Tuesday, December 19, 2006

Is There a Barber in the House?

So I must apologize for this post, but I must be riding high on the book I am reading (mentioned in my last post). But this is acutally an article which shows how nurses are essential for healthcare and we are an INTEGRAL player in the healthcare team. Sorry it's so long, but I hope you enjoy. (This article was found in the New York Times, for proper "citing")

"Is There a Barber in the House?

By LARRY ZAROFF, M.D. and JONATHAN ZAROFF, M.D.
Published: December 19, 2006

In our culture the hair industry is huge — shampoos, conditioners, coloring, cutting, shaping, styling. For “hair-loss treatment” alone, Google conjures up 749,000 references. Some people undergo surgical procedures, sometimes uncomfortable and expensive, to implant hair.

Total hair loss is often an unfortunate and undesirable complication of the agents used to treat and cure cancer. Yet baldness — the hairless look — can for some represent spirituality and religion, or for others may suggest that they are athletic, smart, cool, reeking of testosterone.

Depending on where you are in your life, what you are doing, your age and sex, baldness is loved or hated — or just accepted. Baldness can be bought and bought off. But it is not a medical treatment, at least not since shaving the head for lice was stopped.

In one patient, however, shaving the head was life saving.

A 50-year-old woman was admitted to the hospital with complaints of severe weakness and difficulty breathing. She had been quite healthy until the afternoon of the admission, with no history of serious illnesses.

The doctors at the university hospital where she became a patient are known for using their brains. They also use their stethoscopes wisely, and observe closely how a patient looks.

On examination this one was sweaty and had pinpoint pupils, and her lungs were wheezy. But unlike physicians of centuries ago, doctors today do not regularly use their noses. (In the 18th century, doctors could make diagnoses of kidney failure, diabetes and liver disease by smelling a patient.) For this woman, the diagnosis remained obscure for the next hour as her breathing got more labored and she became comatose.

A tube was placed in her windpipe and she was attached to a breathing machine. Then an experienced nurse, with good sense and a good sense of smell, came to the rescue. The nurse noted that the patient had a peculiar odor, resembling garlic, most prominently from her hair. The unusual odor raised the suspicion of insecticide poisoning with organophosphates.

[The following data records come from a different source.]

lemma bichromatic_character_true_on_two_blocks:
  assumes M: "partition_on X M" "\<forall>e\<in>M. card e = 2"
    and ab: "a \<in> X" "b \<in> X" "\<forall>e\<in>M. a \<in> e \<longrightarrow> b \<notin> e"
  shows "\<exists>f\<in>bichromatic_characters X M. f a \<and> f b"
proof -
  \<comment> \<open>f is True on exactly one marked element of each pair, with a and b marked\<close>
  define mark where "mark e = (if a \<in> e then a else if b \<in> e then b else SOME x. x \<in> e)" for e
  define f where "f z = (if z \<in> X then z \<in> mark ` M else undefined)" for z
  have mark: "mark e \<in> e" if "e \<in> M" for e
    using that partition_onD3[OF M(1)] unfolding mark_def by (auto simp: some_in_eq)
  have unique: "e = e'" if "e \<in> M" "e' \<in> M" "x \<in> e" "x \<in> e'" for e e' x
    using that disjointD[OF partition_onD2[OF M(1)]] by blast
  have "\<exists>x\<in>e. \<exists>y\<in>e. f x \<noteq> f y" if e: "e \<in> M" for e
  proof -
    obtain y where y: "y \<in> e" "y \<noteq> mark e"
      using M(2) e mark[OF e] by (metis card_2_iff insertCI)
    have "e \<subseteq> X" using M(1) e by (auto simp: partition_on_def)
    moreover have "y \<notin> mark ` M"
      using unique[OF e _ y(1)] mark y(2) by blast
    ultimately have "f (mark e) \<noteq> f y"
      using mark[OF e] y(1) e unfolding f_def by auto
    then show ?thesis using mark[OF e] y(1) by blast
  qed
  then have "f \<in> bichromatic_characters X M"
    unfolding bichromatic_characters_def f_def by auto
  moreover have "f a \<and> f b"
  proof -
    obtain ea eb where eab: "ea \<in> M" "a \<in> ea" "eb \<in> M" "b \<in> eb"
      using M(1) ab(1,2) by (auto simp: partition_on_def)
    then have "mark ea = a" "mark eb = b" unfolding mark_def using ab(3) by auto
    then show ?thesis using eab ab(1,2) unfolding f_def by force
  qed
  ultimately show ?thesis by blast
qed

lemma pairing_subset_if_bichromatic_characters_subset:
  assumes M: "partition_on X M" "\<forall>e\<in>M. card e = 2"
    and M': "partition_on X M'" "\<forall>e\<in>M'. card e = 2"
    and sub: "bichromatic_characters X M' \<subseteq> bichromatic_characters X M"
  shows "M \<subseteq> M'"
proof
  fix e assume e: "e \<in> M"
  then obtain a b where ab: "e = {a, b}" "a \<noteq> b"
    using M(2) by (meson card_2_iff)
  have X: "a \<in> X" "b \<in> X" using M(1) e ab by (auto simp: partition_on_def)
  show "e \<in> M'"
  proof (rule ccontr)
    assume "e \<notin> M'"
    have apart: "\<forall>e'\<in>M'. a \<in> e' \<longrightarrow> b \<notin> e'"
    proof (intro ballI impI notI)
      fix e' assume e': "e' \<in> M'" "a \<in> e'" "b \<in> e'"
      then have "e \<subseteq> e'" using ab by blast
      moreover have "finite e'" "card e' = card e"
        using M'(2) e'(1) M(2) e by (auto intro: card_ge_0_finite)
      ultimately have "e' = e" using card_subset_eq by metis
      then show False using e'(1) \<open>e \<notin> M'\<close> by simp
    qed
    obtain f where "f \<in> bichromatic_characters X M'" "f a" "f b"
      using bichromatic_character_true_on_two_blocks[OF M' X apart] by blast
    then have "f \<in> bichromatic_characters X M" using sub by blast
    then obtain x y where "x \<in> e" "y \<in> e" "f x \<noteq> f y"
      using e unfolding bichromatic_characters_def by blast
    then show False using ab \<open>f a\<close> \<open>f b\<close> by auto
  qed
qed

context leaf_path_family
begin

lemma parsimony_score_less_if_monochromatic:
  assumes "i < k" "f (hd (P i)) = f (last (P i))"
  shows "parsimony_score X E f < k"
proof -
  interpret monochromatic_pair X V E k P f i
    using assms by unfold_locales
  have "parsimony_score X E f \<le> changes E extension"
    unfolding parsimony_score_def using extension_leaf by (intro Least_le) blast
  then show ?thesis using changes_extension_le assms(1) by simp
qed

lemma A_k_eq_bichromatic_characters: "A_k k X E = bichromatic_characters X (endpoint_pairs k P)"
proof -
  have score_iff: "parsimony_score X E f = k \<longleftrightarrow> (\<forall>i<k. f (hd (P i)) \<noteq> f (last (P i)))" for f
  proof
    show "\<forall>i<k. f (hd (P i)) \<noteq> f (last (P i))" if "parsimony_score X E f = k"
      using parsimony_score_less_if_monochromatic that by (metis less_irrefl)
  qed (rule parsimony_score_eq_if_bichromatic)
  have pairs_iff: "(\<forall>i<k. f (hd (P i)) \<noteq> f (last (P i))) \<longleftrightarrow>
      (\<forall>e\<in>endpoint_pairs k P. \<exists>x\<in>e. \<exists>y\<in>e. f x \<noteq> f y)" for f
  proof
    show "\<forall>i<k. f (hd (P i)) \<noteq> f (last (P i))"
      if "\<forall>e\<in>endpoint_pairs k P. \<exists>x\<in>e. \<exists>y\<in>e. f x \<noteq> f y"
    proof (intro allI impI)
      fix i assume "i < k"
      then have "{hd (P i), last (P i)} \<in> endpoint_pairs k P" unfolding endpoint_pairs_def by blast
      then show "f (hd (P i)) \<noteq> f (last (P i))" using that by auto
    qed
  qed (auto simp: endpoint_pairs_def)
  show ?thesis
    unfolding A_k_def bichromatic_characters_def score_iff pairs_iff ..
qed

end

theorem proposition5:
  fixes X V V' :: "'v set" and E E' :: "'v set set" and k :: nat
    and P P' :: "nat \<Rightarrow> 'v list"
  assumes "k \<ge> 1"
    and "binary_phylo_tree X V E" and "binary_phylo_tree X V' E'"
    and "card X = 2 * k"
    and "edge_disjoint_l2l_family X E k P"
    and "edge_disjoint_l2l_family X E' k P'"
  shows "A_k k X E = A_k k X E' \<longleftrightarrow> endpoint_pairs k P = endpoint_pairs k P'"
proof -
  interpret T: leaf_path_family X V E k P
    using assms by unfold_locales
  interpret T': leaf_path_family X V' E' k P'
    using assms by unfold_locales
  show ?thesis
    unfolding T.A_k_eq_bichromatic_characters T'.A_k_eq_bichromatic_characters
    using pairing_subset_if_bichromatic_characters_subset
      T.endpoint_pairs_partition T'.endpoint_pairs_partition
    by (metis dual_order.eq_iff)
qed

end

The patient was immediately treated with atropine and 2-PAM to reverse the effects of the poison, while blood was sent to the lab to verify the diagnosis. Each time she received the medications she woke and improved, but then lapsed back into a coma with increasing lung problems. Her skin was washed and her hair was shampooed several times with no lasting improvement.

Since the primary contamination seemed to be in her hair, her head was shaved. After that she improved rapidly, her medicines were tapered and she regained consciousness. Soon she was able to breathe on her own.

The lab reports verified that the nurse had been correct. The patient had been poisoned with an organophosphate insecticide. Now her doctors wondered, How did her hair become impregnated with insecticide in quantities to bring her to the brink of death? This was no casual exposure. She denied a suicide attempt — swallowing would have been more direct. Nor could it have been attempted murder — there are easier ways to administer poisons more covertly.

The answer came from the patient when she fully awakened. She remembered exactly what she had done before becoming ill: her usual activities, except that she had gotten her hair shampooed by a neighbor.

The neighbor, when contacted, was willing to bring in the shampoo. Chagrined, she showed up shortly, bringing two containers. One held shampoo. The other, a similar jug, contained an organophosphate insecticide. Both receptacles were the same size, the labels old and blurred.

I must have used the wrong one, she said, when told that her friend was just recovering from insecticide poisoning...

...In this case, the patient recovered well, after the correct diagnosis by a nurse with a sensitive nose, proper treatment with drugs and the elimination of the insecticide by balding."